Tashkent, Uzbekistan – Uzbekistan’s government has launched a new campaign of intolerance against a number of religious groups, including Evangelical Christians, Presbyterians, Methodists and Jehovah’s Witnesses. The Forum 18 news agency has criticised the negative coverage of such groups in documentaries and the frequent police operations against their meetings as well as the arrests and expulsions of their members.
On Saturday 17 May state television broadcast in prime time a report describing such groups as a “global problem, along with religious dogmatism, fundamentalism, terrorism, and drug addiction,” actively involved in deceiving young people and minors.
The documentary featured Uzbek religious and political experts, state officials as well as representatives of the other religions, all of whom took a critical view of missionaries.
However, for analysts reports like this incite citizens to keep an eye on the activities of such groups.
Jasur Najmiddinov, a theologian from Uzbekistan's Islamic University, was among the many religious experts interviewed. Najmiddinov accused Christian missionary activities, especially by Protestant groups, of becoming a “political tool” and a “part of geopolitical games” carried out by foreign powers.
“We all know representatives of the Protestant movement played a significant role in the Orange Revolution in Ukraine,” he said, adding that “missionaries' activities here can lead to disruptions in our society. If a member of an Uzbek family [. . .] changes faith, the family ought not to tolerate it.”
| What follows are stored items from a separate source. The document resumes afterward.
definition simple_graph :: "'a set \<Rightarrow> 'a set set \<Rightarrow> bool" where
  "simple_graph V E \<longleftrightarrow> finite V \<and>
     (\<forall>e\<in>E. \<exists>u v. u \<in> V \<and> v \<in> V \<and> u \<noteq> v \<and> e = {u, v})"

definition nbrs :: "'a set \<Rightarrow> 'a set set \<Rightarrow> 'a \<Rightarrow> 'a set" where
  "nbrs V E v = {u \<in> V. {u, v} \<in> E}"

definition deg :: "'a set \<Rightarrow> 'a set set \<Rightarrow> 'a \<Rightarrow> nat" where
  "deg V E v = card (nbrs V E v)"

definition eps :: "'a set \<Rightarrow> 'a set set \<Rightarrow> real" where
  "eps V E = real (card E) / real (card V)"

text \<open>Cumulative sets D_0 \<union> ... \<union> D_i of the activation process started from D.\<close>
fun activated :: "'a set \<Rightarrow> 'a set set \<Rightarrow> ('a \<Rightarrow> nat) \<Rightarrow> 'a set \<Rightarrow> nat \<Rightarrow> 'a set" where
  "activated V E \<tau> D 0 = D"
| "activated V E \<tau> D (Suc i) =
     activated V E \<tau> D i \<union>
     {v \<in> V - activated V E \<tau> D i. card (nbrs V E v \<inter> activated V E \<tau> D i) \<ge> \<tau> v}"

definition is_dynamo :: "'a set \<Rightarrow> 'a set set \<Rightarrow> ('a \<Rightarrow> nat) \<Rightarrow> 'a set \<Rightarrow> bool" where
  "is_dynamo V E \<tau> D \<longleftrightarrow> D \<subseteq> V \<and> (\<exists>k. activated V E \<tau> D k = V)"

definition dyn :: "'a set \<Rightarrow> 'a set set \<Rightarrow> ('a \<Rightarrow> nat) \<Rightarrow> nat" where
  "dyn V E \<tau> = Min {card D | D. is_dynamo V E \<tau> D}"

definition Ldyn :: "'a set \<Rightarrow> 'a set set \<Rightarrow> real \<Rightarrow> nat" where
  "Ldyn V E t = Max {dyn V E \<tau> | \<tau>. (\<forall>v\<in>V. \<tau> v \<le> deg V E v) \<and>
                      (\<Sum>v\<in>V. real (\<tau> v)) / real (card V) \<le> t}"

end

theory Submission
  imports Defs
begin

text \<open>Give vertex u the weight min(\<tau> u, d u + 1) / (d u + 1) and call the total weight the
  potential. Deleting a suitable vertex w lowers the potential by at least 1 when w cannot be
  activated by all its neighbours (\<tau> w > d w), and by at least 0 otherwise: summed over all w,
  the drops equal the number of such vertices by double counting over edges. Induction on |V|
  thus yields a dynamo of size at most the potential. When \<tau> \<le> d this is
  \<Sum> \<tau> v / (d v + 1) \<le> \<Sum> \<tau> v / (\<tau> v + 1), and the tangent line of the concave map
  x \<mapsto> x / (x + 1) at c bounds it by c/(c+1) |G| + (\<Sum> \<tau> - c |G|)/(c+1)^2. Finally
  \<Sum> \<tau> \<le> t |G| \<le> c \<epsilon>(G) < c |G|.\<close>

lemma activated_subset: "D \<subseteq> V \<Longrightarrow> activated V E \<tau> D k \<subseteq> V"
  by (induction k) auto

lemma activated_mono: "k \<le> l \<Longrightarrow> activated V E \<tau> D k \<subseteq> activated V E \<tau> D l"
proof (induction l)
  case (Suc l)
  then show ?case by (cases "k = Suc l") auto
qed simp

lemma activated_mono_graph:
  assumes "finite V2" "V1 \<subseteq> V2" "D1 \<subseteq> D2"
  shows "activated V1 E \<tau> D1 k \<subseteq> activated V2 E \<tau> D2 k"
proof (induction k)
  case 0
  then show ?case using assms by simp
next
  case (Suc k)
  have card_le: "card (nbrs V1 E v \<inter> activated V1 E \<tau> D1 k) \<le> card (nbrs V2 E v \<inter> activated V2 E \<tau> D2 k)"
    for v
    using Suc assms by (intro card_mono) (auto simp: nbrs_def)
  show ?case
  proof
    fix v
    assume "v \<in> activated V1 E \<tau> D1 (Suc k)"
    then consider "v \<in> activated V1 E \<tau> D1 k"
      | "v \<in> V1" "\<tau> v \<le> card (nbrs V1 E v \<inter> activated V1 E \<tau> D1 k)"
      by auto
    then show "v \<in> activated V2 E \<tau> D2 (Suc k)"
    proof cases
      case 1
      then show ?thesis using Suc by auto
    next
      case 2
      then have "v \<in> V2" "\<tau> v \<le> card (nbrs V2 E v \<inter> activated V2 E \<tau> D2 k)"
        using assms(2) card_le[of v] by auto
      then show ?thesis by auto
    qed
  qed
qed

lemma activated_Diff_singleton:
  assumes "finite V" "activated (V - {w}) E \<tau> D k = V - {w}" "D \<subseteq> D'"
  shows "V - {w} \<subseteq> activated V E \<tau> D' k"
  using activated_mono_graph[OF assms(1), of "V - {w}" D D' E \<tau> k] assms(2,3) by auto

lemma is_dynamo_insert_Diff:
  assumes "finite V" "w \<in> V" "is_dynamo (V - {w}) E \<tau> D"
  shows "is_dynamo V E \<tau> (insert w D)"
proof -
  obtain k where k: "activated (V - {w}) E \<tau> D k = V - {w}" and D: "D \<subseteq> V - {w}"
    using assms(3) by (auto simp: is_dynamo_def)
  have "w \<in> activated V E \<tau> (insert w D) k"
    using activated_mono[of 0 k V E \<tau> "insert w D"] by auto
  moreover have "activated V E \<tau> (insert w D) k \<subseteq> V"
    using activated_subset[of "insert w D" V] D assms(2) by auto
  ultimately show ?thesis
    using activated_Diff_singleton[OF assms(1) k, of "insert w D"] D assms(2)
    unfolding is_dynamo_def by blast
qed

lemma is_dynamo_of_Diff:
  assumes "finite V" "\<And>u. {u, u} \<notin> E" "w \<in> V" "is_dynamo (V - {w}) E \<tau> D"
    and "\<tau> w \<le> deg V E w"
  shows "is_dynamo V E \<tau> D"
proof -
  obtain k where k: "activated (V - {w}) E \<tau> D k = V - {w}" and D: "D \<subseteq> V - {w}"
    using assms(4) by (auto simp: is_dynamo_def)
  let ?A = "activated V E \<tau> D k"
  have A: "V - {w} \<subseteq> ?A"
    using activated_Diff_singleton[OF assms(1) k] by simp
  have "nbrs V E w \<subseteq> V - {w}"
    using assms(2) by (auto simp: nbrs_def)
  then have "nbrs V E w \<inter> ?A = nbrs V E w"
    using A by blast
  then have "w \<in> activated V E \<tau> D (Suc k)"
    using assms(3,5) by (simp add: deg_def)
  moreover have "activated V E \<tau> D (Suc k) \<subseteq> V"
    using activated_subset[of D V] D by auto
  ultimately have "activated V E \<tau> D (Suc k) = V"
    using A activated_mono[of k "Suc k" V E \<tau> D] by auto
  then show ?thesis
    using D unfolding is_dynamo_def by blast
qed

definition threshold_weight :: "('a \<Rightarrow> nat) \<Rightarrow> 'a \<Rightarrow> nat \<Rightarrow> real" where
  "threshold_weight \<tau> u d = real (min (\<tau> u) (d + 1)) / real (d + 1)"

definition potential :: "'a set \<Rightarrow> 'a set set \<Rightarrow> ('a \<Rightarrow> nat) \<Rightarrow> real" where
  "potential V E \<tau> = (\<Sum>u\<in>V. threshold_weight \<tau> u (deg V E u))"

lemma threshold_weight_eq: "\<tau> u \<le> d \<Longrightarrow> threshold_weight \<tau> u d = real (\<tau> u) / (real d + 1)"
  by (simp add: threshold_weight_def)

text \<open>The weight at degree d plus d times the loss of one neighbour is the indicator of \<tau> u > d;
  this is what makes the potential drops sum to the number of unreachable vertices.\<close>
lemma threshold_weight_telescope:
  "threshold_weight \<tau> u d + real d * (threshold_weight \<tau> u d - threshold_weight \<tau> u (d - 1))
     = (if \<tau> u > d then 1 else 0)"
proof (cases "d = 0")
  case True
  then show ?thesis by (auto simp: threshold_weight_def)
next
  case False
  then have "real d * threshold_weight \<tau> u (d - 1) = real (min (\<tau> u) d)"
    by (simp add: threshold_weight_def)
  moreover have "(real d + 1) * threshold_weight \<tau> u d = real (min (\<tau> u) (d + 1))"
    by (simp add: threshold_weight_def add.commute)
  ultimately show ?thesis by (auto simp: algebra_simps min_def)
qed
The documentary went even further, claiming that Uzbek Christian converts, after the betrayal of their Islamic faith, could easily betray their country.
For Forum 18 violence accompanies this campaign, especially physical violence. A young female Jehovah's Witness was detained and physically assaulted by a police officer after a raid on a private home in the city of Samarkand in March. In another police raid in Samarkand on 3 April, security forces detained a Christian convert, Bobur Aslamov, who remains missing. Several Protestant church members were beaten during the raid and police seized Christian literature as well as a laptop computer.
Government control of religion is even greater for Muslims, who are the majority of the population.
“People are being fired from their jobs or expelled from universities for merely growing a beard or wearing head scarves. Some people are even sent to prison. People are afraid of following the most basic Islamic requirements,” said Imam Obidkhon Qori Nazarov. Indeed the government controls all religious activities; even imams are appointed by authorities. “It's like Soviet times,” Nazarov noted when “they all operated under the tightest government control.”